Work instruction: From the entries, copy each line that includes "dots".

Input data:
(* Let $T:\mathcal P(\mathbb R^n)\to\mathcal P(\mathbb R^n)$ be given by $TA=\{y\in\mathbb R^n:\ \langle x,y\rangle\ge 1\ \forall x\in A\}$, and let $\mathcal C=\{TK:K\subseteq\mathbb R^n\}$. Every $K\in\mathcal C$ other than $\emptyset$ and $\mathbb R^n$ has a unique point closest to the origin. For $u\in S^{n-1}$ let $\mathcal C_u$ be the set of those $K\in\mathcal C\setminus\{\emptyset,\mathbb R^n\}$ whose closest point to the origin lies on the ray $\{\lambda u:\lambda>0\}$. Then for every $u\in S^{n-1}$ and every $K\in\mathcal C_u$ we have $TK\in\mathcal C_u$.
   Context: $\mathcal P(\mathbb R^n)$ is the power set of $\mathbb R^n$, $\langle\cdot,\cdot\rangle$ the standard inner product, and $S^{n-1}$ the Euclidean unit sphere. *)

theory Defs
  imports "HOL-Analysis.Analysis"
begin

definition polT :: "'a::euclidean_space set \<Rightarrow> 'a set" where
  "polT A = {y. \<forall>x\<in>A. inner x y \<ge> 1}"

definition classC :: "'a::euclidean_space set set" where
  "classC = range polT"

definition classC_u :: "'a::euclidean_space \<Rightarrow> 'a set set" where
  "classC_u u = {K \<in> classC - {{}, UNIV}.
      \<exists>l::real. l > 0 \<and> closest_point K 0 = l *\<^sub>R u}"

end

theory Submission
  imports Defs
begin

text \<open>If p is the point of K closest to the origin, then K lies in the halfspace
  {y. \<langle>p, y\<rangle> \<ge> |p|^2}, so p / |p|^2 lies in T K; conversely every z in T K satisfies
  1 \<le> \<langle>p, z\<rangle> \<le> |p| |z|, so no point of T K is closer to the origin than p / |p|^2.
  Hence the closest point of T K is a positive multiple of that of K.\<close>

lemma polT_eq: "polT A = (\<Inter>x\<in>A. {y. inner x y \<ge> 1})"
  unfolding polT_def by auto

lemma closed_polT: "closed (polT A)"
  unfolding polT_eq by (intro closed_INT) (simp add: closed_halfspace_ge)

lemma convex_polT: "convex (polT A)"
  unfolding polT_eq by (intro convex_INT) (simp add: convex_halfspace_ge)

lemma polT_neq_UNIV:
  assumes "A \<noteq> {}"
  shows "polT A \<noteq> UNIV"
proof
  assume "polT A = UNIV"
  then have "0 \<in> polT A" by simp
  with assms show False unfolding polT_def by auto
qed

lemma closest_point_origin_inner_ge:
  fixes S :: "'a::euclidean_space set"
  assumes "closed S" "convex S" "y \<in> S"
  shows "(norm (closest_point S 0))\<^sup>2 \<le> inner (closest_point S 0) y"
proof -
  let ?p = "closest_point S 0"
  have "inner (0 - ?p) (y - ?p) \<le> 0"
    using closest_point_dot[OF assms(2,1,3)] .
  then show ?thesis by (simp add: inner_diff_right power2_norm_eq_inner)
qed

lemma scaled_closest_point_in_polT:
  fixes S :: "'a::euclidean_space set"
  assumes "closed S" "convex S" "closest_point S 0 \<noteq> 0"
  shows "inverse ((norm (closest_point S 0))\<^sup>2) *\<^sub>R closest_point S 0 \<in> polT S"
proof -
  have "1 \<le> inner y (inverse ((norm (closest_point S 0))\<^sup>2) *\<^sub>R closest_point S 0)"
    if "y \<in> S" for y
    using closest_point_origin_inner_ge[OF assms(1,2) that] assms(3)
    by (simp add: inner_commute field_simps)
  then show ?thesis unfolding polT_def by auto
qed

lemma closest_point_polT:
  fixes S :: "'a::euclidean_space set"
  assumes "closed S" "convex S" "S \<noteq> {}" and p: "closest_point S 0 = p" "p \<noteq> 0"
  shows "closest_point (polT S) 0 = inverse ((norm p)\<^sup>2) *\<^sub>R p"
proof (rule sym, rule closest_point_unique[OF convex_polT closed_polT])
  let ?q = "inverse ((norm p)\<^sup>2) *\<^sub>R p"
  show "?q \<in> polT S"
    using scaled_closest_point_in_polT[OF assms(1,2)] p by simp
  have pS: "p \<in> S"
    using closest_point_in_set[OF assms(1,3), of 0] p(1) by simp
  show "\<forall>z\<in>polT S. dist 0 ?q \<le> dist 0 z"
  proof
    fix z assume "z \<in> polT S"
    with pS have "1 \<le> inner p z" unfolding polT_def by auto
    also have "\<dots> \<le> norm p * norm z" by (rule norm_cauchy_schwarz)
    finally have "inverse (norm p) \<le> norm z"
      using p(2) by (simp add: field_simps)
    then show "dist 0 ?q \<le> dist 0 z"
      using p(2) by (simp add: power2_eq_square field_simps)
  qed
qed

theorem lemma5p2:
  fixes u :: "'a::euclidean_space" and K :: "'a set"
  assumes "u \<in> sphere 0 1"
    and "K \<in> classC_u u"
  shows "polT K \<in> classC_u u"
proof -
  have u: "norm u = 1" using assms(1) by simp
  obtain A where KA: "K = polT A" and "K \<noteq> {}"
    using assms(2) unfolding classC_u_def classC_def by auto
  obtain l :: real where l: "l > 0" and cp: "closest_point K 0 = l *\<^sub>R u"
    using assms(2) unfolding classC_u_def by auto
  have "closed K" "convex K" using KA closed_polT convex_polT by auto
  then have "closest_point (polT K) 0 = inverse ((norm (l *\<^sub>R u))\<^sup>2) *\<^sub>R (l *\<^sub>R u)"
    using closest_point_polT \<open>K \<noteq> {}\<close> cp l u by fastforce
  also have "\<dots> = inverse l *\<^sub>R u"
    using l u by (simp add: power2_eq_square)
  finally have cp_polT: "closest_point (polT K) 0 = inverse l *\<^sub>R u" .
  have "closest_point K 0 \<noteq> 0" using cp l u by auto
  then have "polT K \<noteq> {}"
    using scaled_closest_point_in_polT[OF \<open>closed K\<close> \<open>convex K\<close>] by blast
  then show ?thesis
    using cp_polT l polT_neq_UNIV[OF \<open>K \<noteq> {}\<close>]
    unfolding classC_u_def classC_def by (auto intro!: exI[of _ "inverse l"])
qed

end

Exercise response:
    also have "\<dots> \<le> norm p * norm z" by (rule norm_cauchy_schwarz)
  also have "\<dots> = inverse l *\<^sub>R u"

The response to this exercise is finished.